## DIRECTIONS FOR THIS TASK:
Each line from the one holding "by (simp add: lp_norm_def abs_mult" to the end of the data below must be output verbatim, with no other lines.

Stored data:
'''

(* Let $p \ge 1$, $t \ge 0$ and $\mathbf a = [a_1\;a_2\;a_3\;a_4]^t \in \mathbb R^4$. Let $\mathbf K, \mathbf L$ be the linear maps on $\mathbb R^4$ given by $\mathbf K\mathbf y = [y_1\;\; 0.5(y_2+y_3)\;\; 0.5(y_2+y_3)\;\; y_4]^t$ and $\mathbf L\mathbf y = [0\;\; 0.5(y_2-y_3)\;\; 0.5(y_3-y_2)\;\; 0]^t$. For $\mathbf b\in\mathbb R^4$ let $\mathcal P_s(\mathbf b,t)$ denote the minimizer over $\mathbf z\in\mathbb R^4$ of $\frac12\|\mathbf z-\mathbf b\|_2^2 + t\|\mathbf z\|_{S(p)}$. Then the minimizer over $\mathbf z\in\mathbb R^4$ of $$L_s(\mathbf z,\mathbf a) = \tfrac12\|\mathbf z - \mathbf a\|_2^2 + t\|\mathbf K\mathbf z\|_{S(p)}$$ is $\bar{\mathcal P}_s(\mathbf a,t) = \mathbf L\mathbf a + \mathcal P_s(\mathbf K\mathbf a, t)$.
   Context: For a vector $\mathbf y = [y_1\;y_2\;y_3\;y_4]^t\in\mathbb R^4$, $\|\mathbf y\|_{S(p)}$ denotes the Schatten $p$-norm (the $\ell_p$ norm of the singular values) of the $2\times2$ matrix $\begin{bmatrix} y_1 & y_2\\ y_3 & y_4\end{bmatrix}$. $\|\cdot\|_2$ is the Euclidean norm. *)

theory Defs
  imports "HOL-Analysis.Analysis"
begin

definition mat2 :: "real^4 \<Rightarrow> real^2^2" where
  "mat2 y = (\<chi> i j. if i = 1 then (if j = 1 then y$1 else y$2)
                     else (if j = 1 then y$3 else y$4))"

text \<open>Singular values: square roots of the two eigenvalues of the symmetric
  positive semidefinite Gram matrix G = M^T M, given by the closed-form
  eigenvalue formula for a symmetric 2x2 matrix.\<close>
definition singvals :: "real^4 \<Rightarrow> real \<times> real" where
  "singvals y = (let G = transpose (mat2 y) ** mat2 y;
                     tr = G$1$1 + G$2$2;
                     disc = sqrt ((G$1$1 - G$2$2)^2 + 4 * (G$1$2)^2)
                 in (sqrt ((tr + disc) / 2), sqrt ((tr - disc) / 2)))"

definition schatten :: "real \<Rightarrow> real^4 \<Rightarrow> real" where
  "schatten p y = ((fst (singvals y)) powr p + (snd (singvals y)) powr p) powr (1 / p)"

definition Kmap :: "real^4 \<Rightarrow> real^4" where
  "Kmap y = vector [y$1, (y$2 + y$3) / 2, (y$2 + y$3) / 2, y$4]"

definition Lmap :: "real^4 \<Rightarrow> real^4" where
  "Lmap y = vector [0, (y$2 - y$3) / 2, (y$3 - y$2) / 2, 0]"

definition is_minimizer :: "('a \<Rightarrow> real) \<Rightarrow> 'a \<Rightarrow> bool" where
  "is_minimizer f z \<longleftrightarrow> (\<forall>w. f z \<le> f w)"

definition Ps :: "real \<Rightarrow> real^4 \<Rightarrow> real \<Rightarrow> real^4" where
  "Ps p b t = (THE z. is_minimizer (\<lambda>z. (1/2) * (norm (z - b))^2 + t * schatten p z) z)"

definition Ls :: "real \<Rightarrow> real \<Rightarrow> real^4 \<Rightarrow> real^4 \<Rightarrow> real" where
  "Ls p t z a = (1/2) * (norm (z - a))^2 + t * schatten p (Kmap z)"

end

(* The map K is the orthogonal projection of R^4 onto the vectors with y2 = y3 (the matrices
   that are symmetric off the diagonal) and L = I - K, so by Pythagoras
     L_s(z, a) = [1/2 ||Kz - Ka||^2 + t ||Kz||_S(p)] + 1/2 ||Lz - La||^2.
   The bracket is the proximal objective at Ka evaluated at Kz. It has a unique minimizer P,
   because the Schatten norm is convex, and P is itself symmetric, because transposition
   preserves both terms of the objective and fixes Ka. Hence z = La + P minimizes both summands
   at once, and it is the only point that does.
   Convexity of the Schatten norm is elementary in dimension 2: the singular values are
   |alpha| + |beta| and ||alpha| - |beta||, where alpha and beta are the complex-linear and
   complex-antilinear parts of the matrix, and the l_p norm of (u + v, u - v) is a monotone
   norm in (u, v). *)
theory Submission
  imports Defs
begin

section \<open>The p-norm on the plane\<close>

definition lp_norm :: "real \<Rightarrow> real \<Rightarrow> real \<Rightarrow> real" where
  "lp_norm p x y = (\<bar>x\<bar> powr p + \<bar>y\<bar> powr p) powr (1 / p)"

lemma lp_norm_nonneg: "lp_norm p x y \<ge> 0"
  by (simp add: lp_norm_def)

lemma lp_norm_eq_0_iff: "lp_norm p x y = 0 \<longleftrightarrow> x = 0 \<and> y = 0"
  by (simp add: lp_norm_def add_nonneg_eq_0_iff)

lemma lp_norm_commute: "lp_norm p x y = lp_norm p y x"
  by (simp add: lp_norm_def add.commute)

lemma lp_norm_minus: "lp_norm p (- x) (- y) = lp_norm p x y"
  by (simp add: lp_norm_def)

lemma lp_norm_scale:
  assumes "p \<noteq> 0"
  shows "lp_norm p (c * x) (c * y) = \<bar>c\<bar> * lp_norm p x y"
proof -
  have "lp_norm p (c * x) (c * y) = (\<bar>c\<bar> powr p) powr (1 / p) * lp_norm p x y"
    by (simp add: lp_norm_def abs_mult powr_mult distrib_left [symmetric])
  also have "(\<bar>c\<bar> powr p) powr (1 / p) = \<bar>c\<bar>"
    using assms by (simp add: powr_powr)
  finally show ?thesis .
qed

lemma lp_norm_le_1_iff:
  assumes "p > 0"
  shows "lp_norm p x y \<le> 1 \<longleftrightarrow> \<bar>x\<bar> powr p + \<bar>y\<bar> powr p \<le> 1"
proof -
  define s where "s = \<bar>x\<bar> powr p + \<bar>y\<bar> powr p"
  have "s \<le> 1 \<Longrightarrow> s powr (1 / p) \<le> 1"
    using assms by (intro powr_le1) (auto simp: s_def)
  moreover have "1 < s \<Longrightarrow> 1 < s powr (1 / p)"
    using powr_less_mono2 [of "1 / p" 1 s] assms by simp
  ultimately show ?thesis
    unfolding lp_norm_def s_def [symmetric] by (meson not_le)
qed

'''

## ANSWER:
    by (simp add: lp_norm_def abs_mult powr_mult distrib_left [symmetric])
  also have "(\<bar>c\<bar> powr p) powr (1 / p) = \<bar>c\<bar>"
    using assms by (simp add: powr_powr)
  finally show ?thesis .
qed

lemma lp_norm_le_1_iff:
  assumes "p > 0"
  shows "lp_norm p x y \<le> 1 \<longleftrightarrow> \<bar>x\<bar> powr p + \<bar>y\<bar> powr p \<le> 1"
proof -
  define s where "s = \<bar>x\<bar> powr p + \<bar>y\<bar> powr p"
  have "s \<le> 1 \<Longrightarrow> s powr (1 / p) \<le> 1"
    using assms by (intro powr_le1) (auto simp: s_def)
  moreover have "1 < s \<Longrightarrow> 1 < s powr (1 / p)"
    using powr_less_mono2 [of "1 / p" 1 s] assms by simp
  ultimately show ?thesis
    unfolding lp_norm_def s_def [symmetric] by (meson not_le)
qed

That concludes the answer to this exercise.